- ABOUT THIS EXERCISE -
Retype exactly the lines below, beginning with the first and ending with the line where "C v \<epsilon>))" appears.
• • •
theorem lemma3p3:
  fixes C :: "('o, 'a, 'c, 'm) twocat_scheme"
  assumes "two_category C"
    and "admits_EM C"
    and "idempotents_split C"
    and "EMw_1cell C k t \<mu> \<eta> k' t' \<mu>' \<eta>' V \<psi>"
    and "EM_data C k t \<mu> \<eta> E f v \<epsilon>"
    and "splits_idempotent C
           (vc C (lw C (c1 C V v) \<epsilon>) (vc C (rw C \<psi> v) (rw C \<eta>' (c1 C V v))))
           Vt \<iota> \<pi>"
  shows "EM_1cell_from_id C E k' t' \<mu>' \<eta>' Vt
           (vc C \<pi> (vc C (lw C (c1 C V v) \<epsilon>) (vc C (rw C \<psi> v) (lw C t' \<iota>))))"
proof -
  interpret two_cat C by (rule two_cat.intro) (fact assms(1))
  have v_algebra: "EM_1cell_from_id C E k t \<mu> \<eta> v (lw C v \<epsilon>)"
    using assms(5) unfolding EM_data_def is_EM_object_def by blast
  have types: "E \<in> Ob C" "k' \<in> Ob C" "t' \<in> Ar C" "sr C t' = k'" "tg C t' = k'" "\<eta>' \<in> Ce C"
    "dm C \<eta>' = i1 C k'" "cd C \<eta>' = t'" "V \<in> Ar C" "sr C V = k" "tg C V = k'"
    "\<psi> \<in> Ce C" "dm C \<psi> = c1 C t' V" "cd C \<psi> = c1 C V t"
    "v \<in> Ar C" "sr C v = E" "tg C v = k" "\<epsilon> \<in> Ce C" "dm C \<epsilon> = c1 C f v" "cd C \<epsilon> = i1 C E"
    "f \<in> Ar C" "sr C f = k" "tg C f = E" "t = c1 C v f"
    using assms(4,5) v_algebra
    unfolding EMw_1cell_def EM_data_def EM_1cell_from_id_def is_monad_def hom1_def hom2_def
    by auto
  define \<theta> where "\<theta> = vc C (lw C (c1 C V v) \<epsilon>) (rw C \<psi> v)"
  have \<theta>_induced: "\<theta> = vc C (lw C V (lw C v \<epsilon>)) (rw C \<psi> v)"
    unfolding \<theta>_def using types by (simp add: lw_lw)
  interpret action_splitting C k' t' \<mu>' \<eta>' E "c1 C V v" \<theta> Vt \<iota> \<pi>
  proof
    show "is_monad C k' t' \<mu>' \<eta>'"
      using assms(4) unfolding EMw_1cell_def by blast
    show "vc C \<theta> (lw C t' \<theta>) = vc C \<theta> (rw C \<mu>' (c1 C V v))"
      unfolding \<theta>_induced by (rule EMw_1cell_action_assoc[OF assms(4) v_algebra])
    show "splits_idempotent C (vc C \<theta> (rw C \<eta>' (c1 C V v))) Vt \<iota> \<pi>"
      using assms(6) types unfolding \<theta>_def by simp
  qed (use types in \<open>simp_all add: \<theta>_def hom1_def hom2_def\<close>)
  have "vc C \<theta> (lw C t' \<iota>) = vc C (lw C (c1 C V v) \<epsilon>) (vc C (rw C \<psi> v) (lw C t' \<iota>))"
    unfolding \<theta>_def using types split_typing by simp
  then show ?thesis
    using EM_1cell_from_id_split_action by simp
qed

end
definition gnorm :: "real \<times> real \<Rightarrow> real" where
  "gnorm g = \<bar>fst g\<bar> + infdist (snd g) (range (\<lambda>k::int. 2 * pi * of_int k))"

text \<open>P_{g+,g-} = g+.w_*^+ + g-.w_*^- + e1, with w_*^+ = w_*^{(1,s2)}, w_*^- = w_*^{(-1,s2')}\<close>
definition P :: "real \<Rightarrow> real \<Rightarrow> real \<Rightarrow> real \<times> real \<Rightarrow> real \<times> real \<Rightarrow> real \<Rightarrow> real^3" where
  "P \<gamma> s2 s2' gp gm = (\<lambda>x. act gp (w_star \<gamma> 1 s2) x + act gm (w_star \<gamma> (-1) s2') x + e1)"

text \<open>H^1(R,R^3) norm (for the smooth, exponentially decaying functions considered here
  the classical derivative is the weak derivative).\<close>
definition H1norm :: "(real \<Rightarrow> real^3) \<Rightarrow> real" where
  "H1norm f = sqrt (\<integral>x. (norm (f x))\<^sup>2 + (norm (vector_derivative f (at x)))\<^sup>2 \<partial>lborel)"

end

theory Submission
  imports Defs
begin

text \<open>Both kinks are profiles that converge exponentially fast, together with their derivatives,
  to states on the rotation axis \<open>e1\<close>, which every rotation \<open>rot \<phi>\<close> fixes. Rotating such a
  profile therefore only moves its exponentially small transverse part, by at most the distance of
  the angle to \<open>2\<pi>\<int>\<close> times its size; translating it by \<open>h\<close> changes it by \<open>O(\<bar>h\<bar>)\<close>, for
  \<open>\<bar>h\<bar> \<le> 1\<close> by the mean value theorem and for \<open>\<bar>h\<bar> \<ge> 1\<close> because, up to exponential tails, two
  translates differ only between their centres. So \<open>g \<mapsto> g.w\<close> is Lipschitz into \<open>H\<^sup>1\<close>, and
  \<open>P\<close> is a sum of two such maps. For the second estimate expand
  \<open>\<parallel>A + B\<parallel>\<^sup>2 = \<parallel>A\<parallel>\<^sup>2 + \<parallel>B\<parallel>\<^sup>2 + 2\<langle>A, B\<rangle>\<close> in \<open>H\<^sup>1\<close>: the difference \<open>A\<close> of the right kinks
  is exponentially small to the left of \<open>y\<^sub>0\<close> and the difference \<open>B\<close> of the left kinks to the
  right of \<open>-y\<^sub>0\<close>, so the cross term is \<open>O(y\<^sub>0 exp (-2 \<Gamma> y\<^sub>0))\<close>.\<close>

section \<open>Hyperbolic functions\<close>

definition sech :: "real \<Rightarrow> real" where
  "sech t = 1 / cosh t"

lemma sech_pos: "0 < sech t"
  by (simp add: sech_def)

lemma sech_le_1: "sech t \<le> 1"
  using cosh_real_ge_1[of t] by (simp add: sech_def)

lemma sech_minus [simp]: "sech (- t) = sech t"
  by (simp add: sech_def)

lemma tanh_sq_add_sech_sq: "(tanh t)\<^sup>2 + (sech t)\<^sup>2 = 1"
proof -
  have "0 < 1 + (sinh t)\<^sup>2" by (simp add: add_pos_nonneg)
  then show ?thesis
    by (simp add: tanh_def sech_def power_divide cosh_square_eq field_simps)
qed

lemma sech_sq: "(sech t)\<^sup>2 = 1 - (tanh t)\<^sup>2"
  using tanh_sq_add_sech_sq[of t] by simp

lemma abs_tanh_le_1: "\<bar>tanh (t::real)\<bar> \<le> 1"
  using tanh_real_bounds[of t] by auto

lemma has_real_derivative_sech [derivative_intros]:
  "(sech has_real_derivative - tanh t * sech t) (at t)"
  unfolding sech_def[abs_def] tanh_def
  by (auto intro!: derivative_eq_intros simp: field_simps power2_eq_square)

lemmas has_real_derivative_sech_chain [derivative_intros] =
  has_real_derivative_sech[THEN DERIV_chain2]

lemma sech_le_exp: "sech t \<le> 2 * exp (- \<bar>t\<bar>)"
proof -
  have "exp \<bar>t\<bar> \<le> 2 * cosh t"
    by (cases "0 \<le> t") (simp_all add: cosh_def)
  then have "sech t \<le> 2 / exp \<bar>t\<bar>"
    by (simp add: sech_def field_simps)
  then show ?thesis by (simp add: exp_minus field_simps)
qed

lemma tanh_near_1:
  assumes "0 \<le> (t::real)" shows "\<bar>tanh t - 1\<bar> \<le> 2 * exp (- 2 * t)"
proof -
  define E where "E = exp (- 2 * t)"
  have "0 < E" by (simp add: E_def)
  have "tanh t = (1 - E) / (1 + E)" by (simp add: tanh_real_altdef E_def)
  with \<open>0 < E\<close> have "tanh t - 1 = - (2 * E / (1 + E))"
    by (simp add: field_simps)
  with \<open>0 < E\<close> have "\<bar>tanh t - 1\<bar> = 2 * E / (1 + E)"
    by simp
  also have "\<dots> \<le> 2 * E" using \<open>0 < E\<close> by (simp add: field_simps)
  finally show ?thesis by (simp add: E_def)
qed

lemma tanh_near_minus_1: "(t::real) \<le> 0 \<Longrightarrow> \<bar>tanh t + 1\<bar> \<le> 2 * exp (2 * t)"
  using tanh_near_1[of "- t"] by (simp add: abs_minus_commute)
• • •
- SOLUTION TO THIS EXERCISE -
theorem lemma3p3:
  fixes C :: "('o, 'a, 'c, 'm) twocat_scheme"
  assumes "two_category C"
    and "admits_EM C"
    and "idempotents_split C"
    and "EMw_1cell C k t \<mu> \<eta> k' t' \<mu>' \<eta>' V \<psi>"
    and "EM_data C k t \<mu> \<eta> E f v \<epsilon>"
    and "splits_idempotent C
           (vc C (lw C (c1 C V v) \<epsilon>) (vc C (rw C \<psi> v) (rw C \<eta>' (c1 C V v))))
           Vt \<iota> \<pi>"
  shows "EM_1cell_from_id C E k' t' \<mu>' \<eta>' Vt
           (vc C \<pi> (vc C (lw C (c1 C V v) \<epsilon>) (vc C (rw C \<psi> v) (lw C t' \<iota>))))"
proof -
  interpret two_cat C by (rule two_cat.intro) (fact assms(1))
  have v_algebra: "EM_1cell_from_id C E k t \<mu> \<eta> v (lw C v \<epsilon>)"
    using assms(5) unfolding EM_data_def is_EM_object_def by blast
  have types: "E \<in> Ob C" "k' \<in> Ob C" "t' \<in> Ar C" "sr C t' = k'" "tg C t' = k'" "\<eta>' \<in> Ce C"
    "dm C \<eta>' = i1 C k'" "cd C \<eta>' = t'" "V \<in> Ar C" "sr C V = k" "tg C V = k'"
    "\<psi> \<in> Ce C" "dm C \<psi> = c1 C t' V" "cd C \<psi> = c1 C V t"
    "v \<in> Ar C" "sr C v = E" "tg C v = k" "\<epsilon> \<in> Ce C" "dm C \<epsilon> = c1 C f v" "cd C \<epsilon> = i1 C E"
    "f \<in> Ar C" "sr C f = k" "tg C f = E" "t = c1 C v f"
    using assms(4,5) v_algebra
    unfolding EMw_1cell_def EM_data_def EM_1cell_from_id_def is_monad_def hom1_def hom2_def
    by auto
  define \<theta> where "\<theta> = vc C (lw C (c1 C V v) \<epsilon>) (rw C \<psi> v)"
  have \<theta>_induced: "\<theta> = vc C (lw C V (lw C v \<epsilon>)) (rw C \<psi> v)"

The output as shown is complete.